▸ EXERCISE REQUIREMENTS
Extract the full listing below without altering a single character.

▸ DATA RECORDS
▼
(* Solutions of the equations $\frac{u(\mathfrak{z}_2)-u(\mathfrak{z}_1)}{u(\mathfrak{z}_3)-u(\mathfrak{z}_2)}=\frac{v(\mathfrak{z}_3)-v(\mathfrak{z}_2)}{v(\mathfrak{z}_1)-v(\mathfrak{z}_3)}$ (on all positively oriented elementary triangles) satisfying the constraints \[ \alpha u=k\frac{f_0g_0f_3}{f_0g_0+g_0f_3+f_3g_3}+\ell\frac{f_2g_2f_5}{f_2g_2+g_2f_5+f_5g_5}+m\frac{f_4g_4f_1}{f_4g_4+g_4f_1+f_1g_1}, \] \[ \beta v=k\frac{g_0f_3g_3}{f_0g_0+g_0f_3+f_3g_3}+\ell\frac{g_2f_5g_5}{f_2g_2+g_2f_5+f_5g_5}+m\frac{g_4f_1g_1}{f_4g_4+g_4f_1+f_1g_1} \] are isomonodromic. The corresponding matrix $\mathcal{A}_{k,\ell,m}$ is given by the following formulas: \begin{equation} \mathcal{A}_{k,\ell,m}=\frac{C_{k,\ell,m}}{1+\mu}+\frac{D(\mathfrak{z})}{\mu}, \end{equation} where $C_{k,\ell,m}$ and $D(\mathfrak{z})$ are $\mu$--independent matrices: \begin{equation} C_{k,\ell,m}=kP_0(\mathfrak{z})+\ell P_2(\mathfrak{z})+mP_4(\mathfrak{z}), \end{equation} $P_{0,2,4}$ are rank 1 matrices \begin{equation} P_j(\mathfrak{z})=\frac{1}{f_jg_j+g_jf_{j+3}+f_{j+3}g_{j+3}} \begin{pmatrix} f_jg_j & -f_jg_jf_{j+3} & f_jg_jf_{j+3}g_{j+3} \\ -g_j & g_jf_{j+3} & -g_jf_{j+3}g_{j+3} \\ 1 & -f_{j+3} & f_{j+3}g_{j+3} \end{pmatrix},\quad j=0,2,4, \end{equation} and the matrix $D$ is well defined on $V(\mathcal{T}\mathcal{L})$ and not only on its covering $\mathbb Z^3$: \begin{equation} D(\mathfrak{z})=\begin{pmatrix} -(2\alpha+\beta)/3 & \alpha u & \beta a-\alpha a' \\ 0 & (\alpha-\beta)/3 & \beta v \\ 0 & 0 & (2\beta+\alpha)/3 \end{pmatrix}, \end{equation} where the functions $a,a':V(\mathcal{T}\mathcal{L})\mapsto\mathbb C$ are solutions of the equations $a(\mathfrak{z}_2)-a(\mathfrak{z}_1)=v(\mathfrak{z}_1)\big(u(\mathfrak{z}_2)-u(\mathfrak{z}_1)\big)$ and $a'(\mathfrak{z}_2)-a'(\mathfrak{z}_1)=u(\mathfrak{z}_2)\big(v(\mathfrak{z}_2)-v(\mathfrak{z}_1)\big)$ for positively oriented edges $(\mathfrak{z}_1,\mathfrak{z}_2)$.
   Context: The regular triangular lattice $\mathcal{T}\mathcal{L}$ has vertices $\mathfrak{z}=k+\ell\omega+m\omega^2$, $\omega=e^{2\pi i/3}$, $(k,\ell,m)\in\mathbb Z^3$ modulo $(n,n,n)$; positively oriented edges are $(\mathfrak{z},\mathfrak{z}+1)$, $(\mathfrak{z},\mathfrak{z}+\omega)$, $(\mathfrak{z},\mathfrak{z}+\omega^2)$, and a positively oriented elementary triangle has consecutive vertices $\mathfrak{z}_1,\mathfrak{z}_2,\mathfrak{z}_3$ with $\mathfrak{z}_2-\mathfrak{z}_1,\mathfrak{z}_3-\mathfrak{z}_2,\mathfrak{z}_1-\mathfrak{z}_3\in\{1,\omega,\omega^2\}$. $u,v$ are functions on vertices vanishing at $0$; on each positively oriented edge $(\mathfrak{z}_1,\mathfrak{z}_2)$, $f=u(\mathfrak{z}_2)-u(\mathfrak{z}_1)$, $g=v(\mathfrak{z}_2)-v(\mathfrak{z}_1)$, $h=1/(fg)$. At vertex $\mathfrak{z}$ with representative $(k,\ell,m)$, the edges $\mathfrak{e}_0=(\mathfrak{z},\mathfrak{z}+1)$, $\mathfrak{e}_2=(\mathfrak{z},\mathfrak{z}+\omega)$, $\mathfrak{e}_4=(\mathfrak{z},\mathfrak{z}+\omega^2)$, $\mathfrak{e}_1=(\mathfrak{z}-\omega^2,\mathfrak{z})$, $\mathfrak{e}_3=(\mathfrak{z}-1,\mathfrak{z})$, $\mathfrak{e}_5=(\mathfrak{z}-\omega,\mathfrak{z})$ carry $f_j,g_j$, and $u=u(\mathfrak{z})$, $v=v(\mathfrak{z})$; $\alpha,\beta\in\mathbb C$. Let $\mathcal{L}(\mathfrak{e},\mu)=\begin{pmatrix} 1 & f & 0 \\ 0 & 1 & g \\ \mu h & 0 & 1\end{pmatrix}$. A solution is called isomonodromic if there is a wave function $\Psi:\mathbb Z^3\to GL(3,\mathbb C)[\mu]$ with $\Psi_{k+n,\ell+n,m+n}=(1+\mu)^n\Psi_{k,\ell,m}$, $\Psi_{k+1,\ell,m}=\mathcal{L}(\mathfrak{e}_0,\mu)\Psi_{k,\ell,m}$, $\Psi_{k,\ell+1,m}=\mathcal{L}(\mathfrak{e}_2,\mu)\Psi_{k,\ell,m}$, $\Psi_{k,\ell,m+1}=\mathcal{L}(\mathfrak{e}_4,\mu)\Psi_{k,\ell,m}$, satisfying also $\frac{d}{d\mu}\Psi_{k,\ell,m}=\mathcal{A}_{k,\ell,m}(\mu)\Psi_{k,\ell,m}$ with $\mathcal{A}_{k,\ell,m}$ meromorphic in $\mu$ with poles whose positions and orders are independent of $k,\ell,m$. *)

theory Defs
  imports "HOL-Analysis.Analysis"
begin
▲
▸ ANSWER TO THIS PROBLEM
(* Solutions of the equations $\frac{u(\mathfrak{z}_2)-u(\mathfrak{z}_1)}{u(\mathfrak{z}_3)-u(\mathfrak{z}_2)}=\frac{v(\mathfrak{z}_3)-v(\mathfrak{z}_2)}{v(\mathfrak{z}_1)-v(\mathfrak{z}_3)}$ (on all positively oriented elementary triangles) satisfying the constraints \[ \alpha u=k\frac{f_0g_0f_3}{f_0g_0+g_0f_3+f_3g_3}+\ell\frac{f_2g_2f_5}{f_2g_2+g_2f_5+f_5g_5}+m\frac{f_4g_4f_1}{f_4g_4+g_4f_1+f_1g_1}, \] \[ \beta v=k\frac{g_0f_3g_3}{f_0g_0+g_0f_3+f_3g_3}+\ell\frac{g_2f_5g_5}{f_2g_2+g_2f_5+f_5g_5}+m\frac{g_4f_1g_1}{f_4g_4+g_4f_1+f_1g_1} \] are isomonodromic. The corresponding matrix $\mathcal{A}_{k,\ell,m}$ is given by the following formulas: \begin{equation} \mathcal{A}_{k,\ell,m}=\frac{C_{k,\ell,m}}{1+\mu}+\frac{D(\mathfrak{z})}{\mu}, \end{equation} where $C_{k,\ell,m}$ and $D(\mathfrak{z})$ are $\mu$--independent matrices: \begin{equation} C_{k,\ell,m}=kP_0(\mathfrak{z})+\ell P_2(\mathfrak{z})+mP_4(\mathfrak{z}), \end{equation} $P_{0,2,4}$ are rank 1 matrices \begin{equation} P_j(\mathfrak{z})=\frac{1}{f_jg_j+g_jf_{j+3}+f_{j+3}g_{j+3}} \begin{pmatrix} f_jg_j & -f_jg_jf_{j+3} & f_jg_jf_{j+3}g_{j+3} \\ -g_j & g_jf_{j+3} & -g_jf_{j+3}g_{j+3} \\ 1 & -f_{j+3} & f_{j+3}g_{j+3} \end{pmatrix},\quad j=0,2,4, \end{equation} and the matrix $D$ is well defined on $V(\mathcal{T}\mathcal{L})$ and not only on its covering $\mathbb Z^3$: \begin{equation} D(\mathfrak{z})=\begin{pmatrix} -(2\alpha+\beta)/3 & \alpha u & \beta a-\alpha a' \\ 0 & (\alpha-\beta)/3 & \beta v \\ 0 & 0 & (2\beta+\alpha)/3 \end{pmatrix}, \end{equation} where the functions $a,a':V(\mathcal{T}\mathcal{L})\mapsto\mathbb C$ are solutions of the equations $a(\mathfrak{z}_2)-a(\mathfrak{z}_1)=v(\mathfrak{z}_1)\big(u(\mathfrak{z}_2)-u(\mathfrak{z}_1)\big)$ and $a'(\mathfrak{z}_2)-a'(\mathfrak{z}_1)=u(\mathfrak{z}_2)\big(v(\mathfrak{z}_2)-v(\mathfrak{z}_1)\big)$ for positively oriented edges $(\mathfrak{z}_1,\mathfrak{z}_2)$.
   Context: The regular triangular lattice $\mathcal{T}\mathcal{L}$ has vertices $\mathfrak{z}=k+\ell\omega+m\omega^2$, $\omega=e^{2\pi i/3}$, $(k,\ell,m)\in\mathbb Z^3$ modulo $(n,n,n)$; positively oriented edges are $(\mathfrak{z},\mathfrak{z}+1)$, $(\mathfrak{z},\mathfrak{z}+\omega)$, $(\mathfrak{z},\mathfrak{z}+\omega^2)$, and a positively oriented elementary triangle has consecutive vertices $\mathfrak{z}_1,\mathfrak{z}_2,\mathfrak{z}_3$ with $\mathfrak{z}_2-\mathfrak{z}_1,\mathfrak{z}_3-\mathfrak{z}_2,\mathfrak{z}_1-\mathfrak{z}_3\in\{1,\omega,\omega^2\}$. $u,v$ are functions on vertices vanishing at $0$; on each positively oriented edge $(\mathfrak{z}_1,\mathfrak{z}_2)$, $f=u(\mathfrak{z}_2)-u(\mathfrak{z}_1)$, $g=v(\mathfrak{z}_2)-v(\mathfrak{z}_1)$, $h=1/(fg)$. At vertex $\mathfrak{z}$ with representative $(k,\ell,m)$, the edges $\mathfrak{e}_0=(\mathfrak{z},\mathfrak{z}+1)$, $\mathfrak{e}_2=(\mathfrak{z},\mathfrak{z}+\omega)$, $\mathfrak{e}_4=(\mathfrak{z},\mathfrak{z}+\omega^2)$, $\mathfrak{e}_1=(\mathfrak{z}-\omega^2,\mathfrak{z})$, $\mathfrak{e}_3=(\mathfrak{z}-1,\mathfrak{z})$, $\mathfrak{e}_5=(\mathfrak{z}-\omega,\mathfrak{z})$ carry $f_j,g_j$, and $u=u(\mathfrak{z})$, $v=v(\mathfrak{z})$; $\alpha,\beta\in\mathbb C$. Let $\mathcal{L}(\mathfrak{e},\mu)=\begin{pmatrix} 1 & f & 0 \\ 0 & 1 & g \\ \mu h & 0 & 1\end{pmatrix}$. A solution is called isomonodromic if there is a wave function $\Psi:\mathbb Z^3\to GL(3,\mathbb C)[\mu]$ with $\Psi_{k+n,\ell+n,m+n}=(1+\mu)^n\Psi_{k,\ell,m}$, $\Psi_{k+1,\ell,m}=\mathcal{L}(\mathfrak{e}_0,\mu)\Psi_{k,\ell,m}$, $\Psi_{k,\ell+1,m}=\mathcal{L}(\mathfrak{e}_2,\mu)\Psi_{k,\ell,m}$, $\Psi_{k,\ell,m+1}=\mathcal{L}(\mathfrak{e}_4,\mu)\Psi_{k,\ell,m}$, satisfying also $\frac{d}{d\mu}\Psi_{k,\ell,m}=\mathcal{A}_{k,\ell,m}(\mu)\Psi_{k,\ell,m}$ with $\mathcal{A}_{k,\ell,m}$ meromorphic in $\mu$ with poles whose positions and orders are independent of $k,\ell,m$. *)

theory Defs
  imports "HOL-Analysis.Analysis"
begin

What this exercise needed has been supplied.